What if i want to have an array of pointers to a function and the size of the array is not known from the beginning? I'm just curious if there's a way to do that. Using new statement or maybe something else. Something looking similar to
void (* testArray[5])(void *) = new void ()(void *);
You could use a std::vector:
#include <vector>
typedef void (*FunPointer)(void *);
std::vector<FunPointer> pointers;
If you really want to use a static array, it would be better to do it using the FunPointer i defined in the snippet above:
FunPointer testArray[5];
testArray[0] = some_fun_pointer;
Though i would still go for the vector solution, taking into account that you don't know the size of the array during compilation time and that you are using C++ and not C.

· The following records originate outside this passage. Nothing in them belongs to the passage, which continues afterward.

lemma degree_eq_sum_prime_power_divisors:
  "monic_poly R F \<Longrightarrow> degree F = (\<Sum>x\<in>prime_power_divisors F. degree (fst x))"
proof (induction "degree F" arbitrary: F rule: less_induct)
  case less
  show ?case
  proof (cases "degree F = 0")
    case True
    hence "prime_power_divisors F = {}"
      using pow_pdivides_degree_le(2)[OF _ _ less.prems] unfolding prime_power_divisors_def by fastforce
    thus ?thesis using True by simp
  next
    case False
    then obtain P where P: "monic_poly R P" "pirreducible (carrier R) P" "P pdivides F"
      using exists_monic_pirreducible_pdivisor[OF less.prems] by (metis less_one not_less)
    obtain G where G: "monic_poly R G" "F = P \<otimes>\<^bsub>poly_ring R\<^esub> G"
      using monic_pdividesE[OF P(1) less.prems P(3)] .
    have deg: "degree F = degree P + degree G" using monic_poly_mult(2)[OF P(1) G(1)] G(2) by simp
    hence "degree G < degree F" using pirreducible_degree_ge_1[OF P(1,2)] by simp
    hence "degree G = (\<Sum>x\<in>prime_power_divisors G. degree (fst x))" using less.hyps[OF _ G(1)] by simp
    thus ?thesis unfolding deg unfolding G(2) sum_prime_power_divisors_mult[OF P(1,2) G(1)] by simp
  qed
qed

lemma finite_rough_polys: "finite (rough_polys d m)"
  unfolding rough_polys_def using finite_monic_polys_deg by simp

lemma card_rough_polys_le: "card (rough_polys d m) \<le> card (carrier R) ^ m"
  using card_mono[OF finite_monic_polys_deg, of "rough_polys d m" m] card_monic_polys_deg
  unfolding rough_polys_def by auto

With typedef, the new expression is trivial:
typedef void(*F)(void*);
int main () {
F *testArray = new F[5];
if(testArray[0]) testArray[0](0);
}
Without typedef, it is somewhat more difficult:
void x(void*) {}
int main () {
void (*(*testArray))(void*) = new (void(*[5])(void*));
testArray[3] = x;
if(testArray[3]) testArray[3](0);
}
for(i=0;i<length;i++)
A[i]=new node
or
#include <vector>
std::vector<someObj*> x;
x.resize(someSize);